- Avramovo Location within Bulgaria
- Coordinates: 41°42′0″N 25°10′1″E﻿ / ﻿41.70000°N 25.16694°E
- Country: Bulgaria
- Province: Kardzhali Province
- Municipality: Ardino

Area
- • Total: 6.197 km^{2} (2.393 sq mi)

Population (2007)
- • Total: 6
- Time zone: UTC+2 (EET)
- • Summer (DST): UTC+3 (EEST)

= Avramovo, Kardzhali Province =

Avramovo (Аврамово) is a village in Ardino Municipality, Kardzhali Province, in southern-central Bulgaria. It is located 187.5 km from Sofia, roughly 14 km by road southwest of the city of Kardzhali, and roughly 20 km by road east of the municipal town of Ardino.Boyno lies just to the east along the 865 road. It covers an area of 6.197 km2 and as of 2007 had a population of 6 people. Until 1934, the settlement had the name Ibrahimler.

Avramovo is a village located in a mountainous region at an altitude of around 600m, making it somewhat difficult to reach.

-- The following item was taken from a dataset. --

(* Let $P,PA$ be labelings, $c$ a command and $\rho_1,\rho_2,\mu_1,\mu_2$ states. Assume $\mathtt b\notin\mathrm{UsedVars}(c)$, $\rho_1(\mathtt b)=\rho_2(\mathtt b)=0$, $|a|_{\mu_1}>0$ and $|a|_{\mu_2}>0$ for every array $a$, $P;PA\vdash_{ct}c$, $\rho_1\sim_P\rho_2$ and $\mu_1\sim_{PA}\mu_2$. Then $\langle\mathrm{SiSLH}_P(c),\rho_1,\mu_1,\mathtt{false}\rangle\approx_s\langle\mathrm{SiSLH}_P(c),\rho_2,\mu_2,\mathtt{false}\rangle$.
   Context: Language AWhile: scalar variables $X\in\mathcal V$, array names $a\in\mathcal A$. Arithmetic expressions $e::=n\ (n\in\mathbb N)\mid X\mid \mathrm{op}_{\mathbb N}(e,\dots,e)\mid be\,?\,e_1:e_2$; boolean expressions $be::=\mathtt{true}\mid\mathtt{false}\mid\mathrm{cmp}(e,e)\mid\mathrm{op}_{\mathbb B}(be,\dots,be)$; commands $c::=\mathtt{skip}\mid X:=e\mid c_1;c_2\mid \mathtt{if}\ be\ \mathtt{then}\ c_1\ \mathtt{else}\ c_2\mid\mathtt{while}\ be\ \mathtt{do}\ c\mid X\leftarrow a[e]\mid a[e]\leftarrow e'$. A scalar state is $\rho:\mathcal V\to\mathbb N$; an array state $\mu$ gives each array $a$ a size $|a|_\mu$ and values $\mu(a)[i]$ for $0\le i<|a|_\mu$. $[\![\cdot]\!]_\rho$ is the usual pure evaluation. $\mathrm{UsedVars}(c)$ is the set of scalar variables occurring in $c$; $\mathtt b$ is a reserved scalar variable. Speculative semantics: configurations $\langle c,\rho,\mu,\beta\rangle$ with boolean misspeculation flag $\beta$; steps $\xrightarrow[d]{o}$ with optional observation $o\in\{\mathrm{branch}(v),\mathrm{read}(a,i),\mathrm{write}(a,i)\}$ and optional directive $d\in\{\mathit{step},\mathit{force},\mathrm{load}(a',j),\mathrm{store}(a',j)\}$. $X:=e\to\mathtt{skip}$ updating $\rho[X\mapsto[\![e]\!]_\rho]$; if $c_1$ steps to $c_1'$ then $c_1;c_2$ steps to $c_1';c_2$ with the same label; $\mathtt{skip};c\to c$; $\mathtt{while}\ be\ \mathtt{do}\ c\to\mathtt{if}\ be\ \mathtt{then}\ (c;\mathtt{while}\ be\ \mathtt{do}\ c)\ \mathtt{else}\ \mathtt{skip}$ (these keep $\beta$, have no observation/directive except as inherited). Conditional: with $\mathit{step}$ go to branch $v=[\![be]\!]_\rho$, flag unchanged; with $\mathit{force}$ go to branch $\neg v$ and set $\beta:=\mathtt{true}$; both observe $\mathrm{branch}(v)$. $X\leftarrow a[ie]$ with $\mathit{step}$: requires $i=[\![ie]\!]_\rho<|a|_\mu$, sets $X$ to $\mu(a)[i]$; with $\mathrm{load}(a',j)$: requires $\beta=\mathtt{true}$, $i\ge|a|_\mu$, $j<|a'|_\mu$, sets $X$ to $\mu(a')[j]$; both observe $\mathrm{read}(a,i)$. $a[ie]\leftarrow e$ with $\mathit{step}$: requires $i<|a|_\mu$, sets $\mu[a[i]\mapsto[\![e]\!]_\rho]$; with $\mathrm{store}(a',j)$: requires $\beta=\mathtt{true}$, $i\ge|a|_\mu$, $j<|a'|_\mu$, sets $\mu[a'[j]\mapsto[\![e]\!]_\rho]$; both observe $\mathrm{write}(a,i)$. Multi-step $\xrightarrow[D]{O}{}^*$ collects directives $D$ and observations $O$. $\langle c_1,\rho_1,\mu_1,\beta_1\rangle\approx_s\langle c_2,\rho_2,\mu_2,\beta_2\rangle$ iff for all $D,O_1,O_2$, if both configurations multi-step with directives $D$ producing $O_1$ resp. $O_2$, then $O_1=O_2$. Labels: $\mathtt{true}$=public, $\mathtt{false}$=secret; $\ell_1\sqsubseteq\ell_2$ iff $\ell_2=\mathtt{true}\Rightarrow\ell_1=\mathtt{true}$. $P:\mathcal V\to$ labels, $PA:\mathcal A\to$ labels; $P(e)$, $P(be)$ are public iff all scalar variables occurring are public. $\rho_1\sim_P\rho_2$ iff they agree on all $X$ with $P(X)=\mathtt{true}$; $\mu_1\sim_{PA}\mu_2$ iff they agree on sizes and contents of all $a$ with $PA(a)=\mathtt{true}$. CCT typing $P;PA\vdash_{ct}c$: $\mathtt{skip}$; $X:=e$ if $P(e)\sqsubseteq P(X)$; $c_1;c_2$ if both typed; $\mathtt{if}\ be\ \mathtt{then}\ c_1\ \mathtt{else}\ c_2$ if $P(be)=\mathtt{true}$ and both branches typed; $\mathtt{while}\ be\ \mathtt{do}\ c$ if $P(be)=\mathtt{true}$ and $c$ typed; $X\leftarrow a[i]$ if $P(i)=\mathtt{true}$ and $PA(a)\sqsubseteq P(X)$; $a[i]\leftarrow e$ if $P(i)=\mathtt{true}$ and $P(e)\sqsubseteq PA(a)$. Index-SLH recipe with parameters $B(be)$, $R(X,i)$, $W(i,e)$: $[\![\mathtt{skip}]\!]=\mathtt{skip}$; $[\![X:=e]\!]=X:=e$; $[\![c_1;c_2]\!]=[\![c_1]\!];[\![c_2]\!]$; $[\![\mathtt{if}\ be\ \mathtt{then}\ c_1\ \mathtt{else}\ c_2]\!]=\mathtt{if}\ B(be)\ \mathtt{then}\ (\mathtt b:=B(be)\,?\,\mathtt b:1;[\![c_1]\!])\ \mathtt{else}\ (\mathtt b:=B(be)\,?\,1:\mathtt b;[\![c_2]\!])$; $[\![\mathtt{while}\ be\ \mathtt{do}\ c]\!]=(\mathtt{while}\ B(be)\ \mathtt{do}\ (\mathtt b:=B(be)\,?\,\mathtt b:1;[\![c]\!]));\ \mathtt b:=B(be)\,?\,1:\mathtt b$; $[\![X\leftarrow a[i]]\!]=X\leftarrow a[R(X,i)]$; $[\![a[i]\leftarrow e]\!]=a[W(i,e)]\leftarrow e$. With $m(i)=(\mathtt b==1)\,?\,0:i$, $\mathrm{SiSLH}_P$ is the instance with $B(be)=be$; $R(X,i)=m(i)$ if $P(X)=\mathtt{true}$, else $i$; $W(i,e)=m(i)$ if $P(e)=\mathtt{false}$, else $i$. *)

theory Defs
  imports Main
begin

It has a relatively warm climate with mild winters and hot, dry summers.

==Landmarks==
Situated approximately 5 kilometers southeast of the village, the Kardzhali Dam can be found. The dam is home to a range of fish such as carp, catfish, tolostolob, zander, perch, and common rudd.

In addition, about 27 kilometers from Avramovo, the Krivus Fortress can be located. Constructed in the 10th century, this fortress was strategically built to guard the Arda River area in the Eastern Rhodopes. Key features include well-preserved fortification walls, some reaching up to 5 meters in height, along with towers, the fortress entrance, and the remains of an ancient church situated at the fortress’s center.

Not far from the Krivus Fortress, on a rocky peninsula along the left bank of the Borovica River, lies the Fortress of Patmos, also dating from the 10th century. The fortress’s western wall remains the best preserved. Archaeological investigations have uncovered remains of a basilica and a tower within the fortress grounds.